Picture: “Regions and Quadrants of the Peritoneal Cavity” by philschatz. Licence: CC BY 4.0

Autonomic Nervous System

The Autonomic Nervous System consists of parasympathetic and sympathetic fibers. The vagus, along with the pelvic splanchnic plexus, forms the main parasympathetic supply to the foregut, midgut, and hindgut. It stimulates peristalsis and secretion of the glands in the gut, thereby assisting in the digestion of ingested food. In the pelvis, it takes part in the regulation of micturition, defecation and in the male, erection, and ejaculation.

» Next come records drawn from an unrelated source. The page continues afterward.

text \<open>Shift the arguments from x + t to x + y + t one at a time; additivity in the slot being
  changed splits off the term with y in that slot.\<close>

lemma coder_top_shift_telescope:
  assumes "coder_deg_le h (Suc e)" "length qs + length ts = Suc e"
  shows "coder h 0 (qs @ map (\<lambda>t. x + y + t) ts) - coder h 0 (qs @ map (\<lambda>t. x + t) ts)
     = (\<Sum>u\<leftarrow>drop_one_shift y ts. coder h 0 (qs @ y # map (\<lambda>t. x + t) u))"
  using assms(2)
proof (induction ts arbitrary: qs)
  case Nil
  then show ?case by simp
next
  case (Cons t ts)
  let ?M = "coder h 0"
  let ?R1 = "map (\<lambda>s. x + y + s) ts" and ?R0 = "map (\<lambda>s. x + s) ts"
  have split: "?M (qs @ (x + y + t) # ?R1) = ?M (qs @ y # ?R1) + ?M (qs @ (x + t) # ?R1)"
  proof -
    have "x + y + t = y + (x + t)" by (simp add: ac_simps)
    then show ?thesis
      using Cons.prems by (simp only:) (rule coder_top_additive_at[OF assms(1)], simp)
  qed
  have IH: "?M ((qs @ [x + t]) @ ?R1) - ?M ((qs @ [x + t]) @ ?R0)
      = (\<Sum>u\<leftarrow>drop_one_shift y ts. ?M ((qs @ [x + t]) @ y # map (\<lambda>t. x + t) u))"
    using Cons.prems by (intro Cons.IH) simp
  have swap: "?M ((qs @ [x + t]) @ y # zs) = ?M (qs @ y # (x + t) # zs)" for zs
    using coder_move_to_front[of h 0 "qs @ [x + t]" y zs] coder_move_to_front[of h 0 qs y "(x + t) # zs"]
    by (simp del: coder.simps)
  have "?M (qs @ map (\<lambda>t. x + y + t) (t # ts)) - ?M (qs @ map (\<lambda>t. x + t) (t # ts))
     = ?M (qs @ y # ?R1) + (?M ((qs @ [x + t]) @ ?R1) - ?M ((qs @ [x + t]) @ ?R0))"
    using split by (simp del: coder.simps)
  also have "\<dots> = (\<Sum>u\<leftarrow>drop_one_shift y (t # ts). ?M (qs @ y # map (\<lambda>t. x + t) u))"
    unfolding IH swap by (simp del: coder.simps add: o_def add.assoc)
  finally show ?case .
qed

lemma coder_shifted_top_coder:
  assumes "coder_deg_le h (Suc e)" "length qs + length ts = Suc e" "length ys = length ts"
  shows "coder (\<lambda>x. coder h 0 (qs @ map (\<lambda>t. x + t) ts)) x0 ys = fact (length ts) * coder h 0 (qs @ ys)"
  using assms(2,3)
proof (induction ys arbitrary: qs ts x0)
  case Nil
  then show ?case by simp
next
  case (Cons y ys)
  let ?F = "\<lambda>qs ts x. coder h 0 (qs @ map (\<lambda>t. x + t) ts)"
  have IH: "coder (?F (qs @ [y]) u) x0 ys = fact (length ys) * coder h 0 (qs @ y # ys)"
    if "u \<in> set (drop_one_shift y ts)" for u
  proof -
    have len: "length u = length ys"
      using length_mem_drop_one_shift[OF that] Cons.prems by simp
    then have "length (qs @ [y]) + length u = Suc e" "length ys = length u"
      using Cons.prems by simp_all
    from Cons.IH[OF this] len show ?thesis by (simp del: coder.simps)
  qed
  have "coder (?F qs ts) x0 (y # ys) = coder (\<lambda>x. ?F qs ts (x + y) - ?F qs ts x) x0 ys"
    by (rule coder_Cons_diff)
  also have "(\<lambda>x. ?F qs ts (x + y) - ?F qs ts x) = (\<lambda>x. \<Sum>u\<leftarrow>drop_one_shift y ts. ?F (qs @ [y]) u x)"
    using coder_top_shift_telescope[OF assms(1), of qs ts] Cons.prems
    by (simp add: fun_eq_iff del: coder.simps)
  also have "coder \<dots> x0 ys = (\<Sum>u\<leftarrow>drop_one_shift y ts. coder (?F (qs @ [y]) u) x0 ys)"
    by (rule coder_sum_list)
  also have "\<dots> = (\<Sum>u\<leftarrow>drop_one_shift y ts. fact (length ys) * coder h 0 (qs @ y # ys))"
    using IH by (intro arg_cong[where f=sum_list] map_cong) auto
  also have "\<dots> = fact (length (y # ys)) * coder h 0 (qs @ y # ys)"
    using Cons.prems(2)[symmetric] by (simp add: sum_list_triv del: coder.simps)
  finally show ?case by (simp only: Cons.prems(2))
qed

lemma coder_top_coder_diagonal:
  assumes "coder_deg_le h (Suc e)" "length ys = Suc e"
  shows "coder (\<lambda>x. coder h 0 (replicate (Suc e) x)) x0 ys = fact (Suc e) * coder h 0 ys"
  using coder_shifted_top_coder[OF assms(1), of "[]" "replicate (Suc e) 0" ys x0] assms(2)
  by (simp add: map_replicate_const del: coder.simps)

lemma coder_deg_le_sub_diagonal:
  assumes "coder_deg_le h (Suc e)"
  shows "coder_deg_le (\<lambda>x. h x - coder h 0 (replicate (Suc e) x) / fact (Suc e)) e"
  unfolding coder_deg_le_iff_exact
proof (intro allI impI)
  fix x0 and ys :: "'a list"
  assume len: "length ys = Suc e"
  let ?D = "\<lambda>x. coder h 0 (replicate (Suc e) x)"
  have "(\<lambda>x. h x - ?D x / fact (Suc e)) = (\<lambda>x. - (1 / fact (Suc e)) * ?D x + h x)"
    by (simp add: fun_eq_iff)
  then have "coder (\<lambda>x. h x - ?D x / fact (Suc e)) x0 ys
      = - (1 / fact (Suc e)) * coder ?D x0 ys + coder h x0 ys"
    by (simp only: coder_linear)
  also have "\<dots> = 0"
    using coder_top_coder_diagonal[OF assms len] coder_top_indep_base[OF assms len]
    by (simp del: coder.simps fact_Suc)
  finally show "coder (\<lambda>x. h x - ?D x / fact (Suc e)) x0 ys = 0" .
qed

section \<open>Polynomials in a set of functions\<close>

inductive poly_in :: "('a \<Rightarrow> 'b::comm_semiring_1) set \<Rightarrow> nat \<Rightarrow> ('a \<Rightarrow> 'b) \<Rightarrow> bool"
  for E where
  poly_in_const: "poly_in E d (\<lambda>_. c)"
| poly_in_add: "poly_in E d p \<Longrightarrow> poly_in E d q \<Longrightarrow> poly_in E d (\<lambda>x. p x + q x)"
| poly_in_scale: "poly_in E d p \<Longrightarrow> poly_in E d (\<lambda>x. c * p x)"
| poly_in_mult: "g \<in> E \<Longrightarrow> poly_in E d p \<Longrightarrow> poly_in E (Suc d) (\<lambda>x. g x * p x)"
| poly_in_Suc: "poly_in E d p \<Longrightarrow> poly_in E (Suc d) p"

lemma poly_in_mono: "poly_in E d p \<Longrightarrow> E \<subseteq> E' \<Longrightarrow> poly_in E' d p"
  by (induction rule: poly_in.induct) (auto intro: poly_in.intros)

lemma poly_in_sum: "(\<And>j. j < (r::nat) \<Longrightarrow> poly_in E d (f j)) \<Longrightarrow> poly_in E d (\<lambda>x. \<Sum>j<r. f j x)"
proof (induction r)
  case 0
  show ?case using poly_in_const[of E d 0] by simp
next
  case (Suc r)
  then show ?case by (simp add: poly_in_add)
qed

lemma poly_in_mem_coproduct_algebra:
  assumes "poly_in E d p" "E \<subseteq> A" "coproduct_algebra A"
  shows "p \<in> A"
  using assms by (induction rule: poly_in.induct) (auto simp: coproduct_algebra_def)

lemma poly_in_replicate:
  assumes "\<And>ps zs x. length ps + length zs = e \<Longrightarrow> F (ps @ x # zs) = (\<Sum>j<(r::nat). F (ps @ p j # zs) * g j x)"
  shows "length ps + l = Suc e \<Longrightarrow> poly_in (g ` {..<r}) l (\<lambda>x. F (ps @ replicate l x))"
proof (induction l arbitrary: ps)
  case 0
  show ?case using poly_in_const[of _ 0 "F ps"] by simp
next
  case (Suc l)
  have "F (ps @ replicate (Suc l) x) = (\<Sum>j<r. g j x * F ((ps @ [p j]) @ replicate l x))" for x
    using assms[of ps "replicate l x" x] Suc.prems by (simp add: mult.commute)
  moreover have "poly_in (g ` {..<r}) (Suc l) (\<lambda>x. g j x * F ((ps @ [p j]) @ replicate l x))" if "j < r" for j
    using that Suc.prems by (intro poly_in_mult Suc.IH) simp_all
  ultimately show ?case
    using poly_in_sum[of r "g ` {..<r}" "Suc l" "\<lambda>j x. g j x * F ((ps @ [p j]) @ replicate l x)"] by simp
qed

lemma sum_fun_upd_Suc:
  fixes n :: nat and \<alpha> :: "nat \<Rightarrow> nat"
  assumes "i < n"
  shows "(\<Sum>j<n. (\<alpha>(i := Suc (\<alpha> i))) j) = Suc (\<Sum>j<n. \<alpha> j)"
  using assms by (simp add: sum.remove[of "{..<n}" i])

lemma prod_power_fun_upd_Suc:
  fixes n :: nat and \<alpha> :: "nat \<Rightarrow> nat" and g :: "nat \<Rightarrow> 'b::comm_semiring_1"
  assumes "i < n"
  shows "(\<Prod>j<n. g j ^ (\<alpha>(i := Suc (\<alpha> i))) j) = g i * (\<Prod>j<n. g j ^ \<alpha> j)"
  using assms by (simp add: prod.remove[of "{..<n}" i] mult.assoc)

lemma finite_multi_indices: "finite (multi_indices n d)"
proof (rule finite_subset)
  show "multi_indices n d \<subseteq> {\<alpha>. \<forall>i. (i \<in> {..<n} \<longrightarrow> \<alpha> i \<in> {..d}) \<and> (i \<notin> {..<n} \<longrightarrow> \<alpha> i = 0)}"
    by (auto simp: multi_indices_def intro: order.trans[OF member_le_sum])
qed (intro finite_set_of_finite_funs; simp)

definition monomial_expansion ::
    "('a \<Rightarrow> 'b::comm_semiring_1) list \<Rightarrow> nat \<Rightarrow> ((nat \<Rightarrow> nat) \<Rightarrow> 'b) \<Rightarrow> 'a \<Rightarrow> 'b" where
  "monomial_expansion gs d c x =
     (\<Sum>\<alpha>\<in>multi_indices (length gs) d. c \<alpha> * (\<Prod>i<length gs. (gs ! i) x ^ \<alpha> i))"

lemma monomial_expansion_const:
  "(\<lambda>_. a) = monomial_expansion gs d (\<lambda>\<alpha>. if \<alpha> = (\<lambda>_. 0) then a else 0)"
proof
  fix x
  let ?M = "multi_indices (length gs) d" and ?P = "\<lambda>\<alpha>. \<Prod>i<length gs. (gs ! i) x ^ \<alpha> i"
  have "(\<lambda>_. 0) \<in> ?M"
    by (simp add: multi_indices_def)
  then have "a = (\<Sum>\<alpha>\<in>?M. if \<alpha> = (\<lambda>_. 0) then a * ?P \<alpha> else 0)"
    using finite_multi_indices by (simp only: sum.delta) simp
  also have "\<dots> = monomial_expansion gs d (\<lambda>\<alpha>. if \<alpha> = (\<lambda>_. 0) then a else 0) x"
    unfolding monomial_expansion_def by (intro sum.cong) auto
  finally show "a = \<dots>" .
qed

lemma monomial_expansion_add:
  "monomial_expansion gs d c x + monomial_expansion gs d c' x = monomial_expansion gs d (\<lambda>\<alpha>. c \<alpha> + c' \<alpha>) x"
  by (simp add: monomial_expansion_def distrib_right sum.distrib)

lemma monomial_expansion_scale:
  "a * monomial_expansion gs d c x = monomial_expansion gs d (\<lambda>\<alpha>. a * c \<alpha>) x"
  by (simp add: monomial_expansion_def sum_distrib_left mult.assoc)

lemma monomial_expansion_Suc:
  "monomial_expansion gs d c = monomial_expansion gs (Suc d) (\<lambda>\<alpha>. if \<alpha> \<in> multi_indices (length gs) d then c \<alpha> else 0)"
proof -
  have "multi_indices (length gs) d \<subseteq> multi_indices (length gs) (Suc d)"
    by (auto simp: multi_indices_def)
  then show ?thesis
    unfolding monomial_expansion_def fun_eq_iff
    by (auto intro!: sum.mono_neutral_cong_left finite_multi_indices)
qed

lemma monomial_expansion_mult:
  assumes "i < length gs"
  shows "(gs ! i) x * monomial_expansion gs d c x
    = monomial_expansion gs (Suc d) (\<lambda>\<beta>. \<Sum>\<alpha>\<in>multi_indices (length gs) d. if \<alpha>(i := Suc (\<alpha> i)) = \<beta> then c \<alpha> else 0) x"
proof -
  let ?M = "multi_indices (length gs)" and ?P = "\<lambda>\<alpha>. \<Prod>j<length gs. (gs ! j) x ^ \<alpha> j"
  let ?up = "\<lambda>\<alpha>. \<alpha>(i := Suc (\<alpha> i))"
  have up_mem: "?up \<alpha> \<in> ?M (Suc d)" if "\<alpha> \<in> ?M d" for \<alpha>
    using that assms sum_fun_upd_Suc[OF assms, of \<alpha>] by (auto simp: multi_indices_def)
  have "monomial_expansion gs (Suc d) (\<lambda>\<beta>. \<Sum>\<alpha>\<in>?M d. if ?up \<alpha> = \<beta> then c \<alpha> else 0) x
      = (\<Sum>\<alpha>\<in>?M d. \<Sum>\<beta>\<in>?M (Suc d). if ?up \<alpha> = \<beta> then c \<alpha> * ?P (?up \<alpha>) else 0)"
    unfolding monomial_expansion_def sum_distrib_right
    by (subst sum.swap) (auto intro!: sum.cong)
  also have "\<dots> = (\<Sum>\<alpha>\<in>?M d. c \<alpha> * ?P (?up \<alpha>))"
    using up_mem finite_multi_indices by (simp add: sum.delta)
  also have "\<dots> = (gs ! i) x * monomial_expansion gs d c x"
    using prod_power_fun_upd_Suc[OF assms, of "\<lambda>j. (gs ! j) x"]
    by (simp add: monomial_expansion_def sum_distrib_left ac_simps)
  finally show ?thesis ..
qed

The greater and lesser thoracic splanchnic nerves and a few fibers from the upper lumbar splanchnic nerves form the sympathetic innervation which inhibits digestion by diverting blood flow to the limbs and trunk for the “flight or fight response.”

Stimulation of the parasympathetic nerve results in increased intestinal peristalsis with the opening of the valves, while sympathetic stimulation causes closure of the valves with inhibition of motility. The sight, smell, and taste of food stimulate the vagus. This effect can last for up to thirty minutes and leads to the direct stimulation of the chief cells in the stomach to secrete pepsinogen in anticipation of digesting proteins, and indirectly stimulates the gastric parietal cells to secrete hydrochloric acid.

Parasympathetic Fibers

The tenth cranial nerve, the vagus, forms the anterior and posterior trunks and carries the parasympathetic fibers to the esophagus and the abdomen. The vagal trunks carry visceral afferent fibers to the periarterial and aortic plexuses, as well as presynaptic parasympathetic fibers.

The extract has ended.